The Wednesday Club of Danville, Virginia was established in 1893 by Miss Augusta Yates.  Initially, the 12 charter members wrote, researched and presented programs on a wide variety of subjects.  

As the character of the club gradually changed, its horizons broadened and its emphasis became civic endeavors.  As early as 1902-03, civic consciousness was awakened in the club as the members visited the public schools to investigate sanitary conditions.  This activity was the beginning of many improvements The Wednesday Club has brought to the area for many years.  

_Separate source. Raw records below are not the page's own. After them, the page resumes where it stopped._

lemma arccos_lmap_eq_iff:
  assumes "lmin < lmax" "lmin \<le> x" "x \<le> lmax" "lmin \<le> y" "y \<le> lmax"
  shows "arccos (lmap lmin lmax x) = arccos (lmap lmin lmax y) \<longleftrightarrow> x = y"
  using assms by (simp add: arccos_eq_iff abs_lmap_le_1 lmap_eq_iff)

lemma step_s_eq_angle_step:
  assumes l: "lmin < lmax" and range: "lmin \<le> a" "a \<le> lmax" "lmin \<le> b" "b \<le> lmax" "lmin \<le> x" "x \<le> lmax"
  shows "step_s a b x
    = angle_step (arccos (lmap lmin lmax a)) (arccos (lmap lmin lmax b)) (arccos (lmap lmin lmax x))"
  using arccos_lmap_less_iff[OF l] arccos_lmap_eq_iff[OF l] range
  by (simp add: step_s_def angle_step_def)

lemma rho_eq_cos_sum:
  assumes "lmin < lmax" "lmin \<le> x" "x \<le> lmax"
  shows "rho lmin lmax a b m k' k x
    = (\<Sum>j=0..k'. cheb_c (arccos (lmap lmin lmax a)) (arccos (lmap lmin lmax b)) j * jackson_d m j k
                  * cos (real j * arccos (lmap lmin lmax x)))"
proof -
  have "lmap lmin lmax x = cos (arccos (lmap lmin lmax x))"
    using abs_lmap_le_1[OF assms] by (simp add: cos_arccos_abs)
  then show ?thesis
    unfolding rho_def by (metis cheb_T_cos)
qed

lemma step_s_rho_error:
  assumes l: "lmin < lmax" and ab: "lmin \<le> a" "a < b" "b \<le> lmax" and x: "lmin \<le> x" "x \<le> lmax"
    and m: "m > 0" and k: "1 \<le> k'" "k' \<le> k"
  shows "ereal \<bar>step_s a b x - rho lmin lmax a b m k' k x\<bar>
    \<le> ereal (jackson_d m k' k / (pi * real (k' + 1)))
        * Jfun (arccos (lmap lmin lmax a)) (arccos (lmap lmin lmax b)) (arccos (lmap lmin lmax x))
      + ereal (m * C_const m / real (k + 1))
        * Jfun (arccos (lmap lmin lmax a)) (arccos (lmap lmin lmax b)) (arccos (lmap lmin lmax x))
      + ereal (m * pi\<^sup>2 / (3 * real (k + 1)^2))"
proof -
  have a: "lmin \<le> a" "a \<le> lmax" and b: "lmin \<le> b" "b \<le> lmax"
    using ab by auto
  have "0 \<le> arccos (lmap lmin lmax b)" "arccos (lmap lmin lmax b) < arccos (lmap lmin lmax a)"
    "arccos (lmap lmin lmax a) \<le> pi" "0 \<le> arccos (lmap lmin lmax x)" "arccos (lmap lmin lmax x) \<le> pi"
    using arccos_lmap_bounds[OF l b] arccos_lmap_less_iff[OF l b a] arccos_lmap_bounds[OF l a]
      arccos_lmap_bounds[OF l x] ab
    by simp_all
  from damped_angle_step_error_Jfun[OF m k this]
  show ?thesis
    by (simp add: step_s_eq_angle_step[OF l a b x] rho_eq_cos_sum[OF l x])
qed

theorem theorem3p4:
  fixes A V :: "complex ^'n ^'n"
    and lam :: "'n \<Rightarrow> real"
    and lmin lmax a b m :: real
    and k k' :: nat
  assumes herm: "hermitian_mat A"
    and unit: "unitary_mat V"
    and decomp: "A = V ** diag_mat (\<lambda>i. complex_of_real (lam i)) ** cadj V"
    and eig_range: "\<forall>i. lmin \<le> lam i \<and> lam i \<le> lmax"
    and lminmax: "lmin < lmax"
    and ab: "lmin \<le> a" "a < b" "b \<le> lmax"
    and m_pos: "0 < m"
    and k_pos: "1 \<le> k"
    and k'_range: "1 \<le> k'" "k' \<le> k"
  shows "ereal (spec_norm (mat_fun V lam (step_s a b) - mat_fun V lam (rho lmin lmax a b m k' k)))
    \<le> ereal (jackson_d m k' k / (pi * real (k' + 1)))
          * Max (range (\<lambda>i. Jfun (arccos (lmap lmin lmax a)) (arccos (lmap lmin lmax b))
                                  (arccos (lmap lmin lmax (lam i)))))
      + ereal (m * C_const m / real (k + 1))
          * Max (range (\<lambda>i. Jfun (arccos (lmap lmin lmax a)) (arccos (lmap lmin lmax b))
                                  (arccos (lmap lmin lmax (lam i)))))
      + ereal (m * pi\<^sup>2 / (3 * real (k + 1)^2))"
proof -
  let ?J = "\<lambda>i. Jfun (arccos (lmap lmin lmax a)) (arccos (lmap lmin lmax b)) (arccos (lmap lmin lmax (lam i)))"
  let ?err = "\<lambda>i. \<bar>step_s a b (lam i) - rho lmin lmax a b m k' k (lam i)\<bar>"
  have "Max (range ?err) \<in> range ?err"
    by (intro Max_in) auto
  then obtain i where i: "Max (range ?err) = ?err i"
    by blast
  have "spec_norm (mat_fun V lam (step_s a b) - mat_fun V lam (rho lmin lmax a b m k' k)) \<le> ?err i"
    unfolding i[symmetric] by (intro spec_norm_mat_fun_diff_le[OF unit] Max_ge) auto
  then have "ereal (spec_norm (mat_fun V lam (step_s a b) - mat_fun V lam (rho lmin lmax a b m k' k)))
      \<le> ereal (?err i)"
    by simp
  also have "\<dots> \<le> ereal (jackson_d m k' k / (pi * real (k' + 1))) * ?J i
      + ereal (m * C_const m / real (k + 1)) * ?J i + ereal (m * pi\<^sup>2 / (3 * real (k + 1)^2))"
    using eig_range by (intro step_s_rho_error[OF lminmax ab _ _ m_pos k'_range]) auto
  also have "\<dots> \<le> ereal (jackson_d m k' k / (pi * real (k' + 1))) * Max (range ?J)
      + ereal (m * C_const m / real (k + 1)) * Max (range ?J) + ereal (m * pi\<^sup>2 / (3 * real (k + 1)^2))"
    using jackson_d_nonneg C_const_nonneg[OF m_pos] m_pos
    by (intro add_mono ereal_mult_left_mono Max_ge order.refl) auto
  finally show ?thesis .
qed

end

During both World War I and World War II, the members supported the war effort by giving hundreds of volunteer hours on the home front.  In 1927, the Club established one of its most outstanding contributions to the community, the Crippled Children’s Clinic.  Over the years thousands of patients visited the clinic and received free medical assistance.  Members were also instrumental in the establishment of the public library.  

As the Club’s membership increased, a larger space for meetings became necessary.  In 1922 a permanent home at 1002 Main Street was purchased and replaced at the same location with a new building in 1970.  Presently the membership is approximately 500.

In August 2002, the Club established The Wednesday Club Endowment.  The purpose of the Endowment is exclusively for charitable and educational projects within the community served by the Club.  Currently, members regularly tutor students in elementary schools and give many volunteer hours to the Danville Science Center and the Danville Museum of Fine Arts and History.  The Club makes financial donations to various organizations and they award scholarships annually to deserving high school students.

For over 100 years, The Wednesday Club’s purpose has been not only to enrich the lives of its members, but to raise the standards of culture and community service in the area.  It accomplishes this by presenting distinguished speakers and artists of the highest quality and national reputation.  The Club’s programs, which are always available to the public at no cost, are arranged by eight departments:  Art, Civics, Current Events, Drama, Education, History, Literature and Music.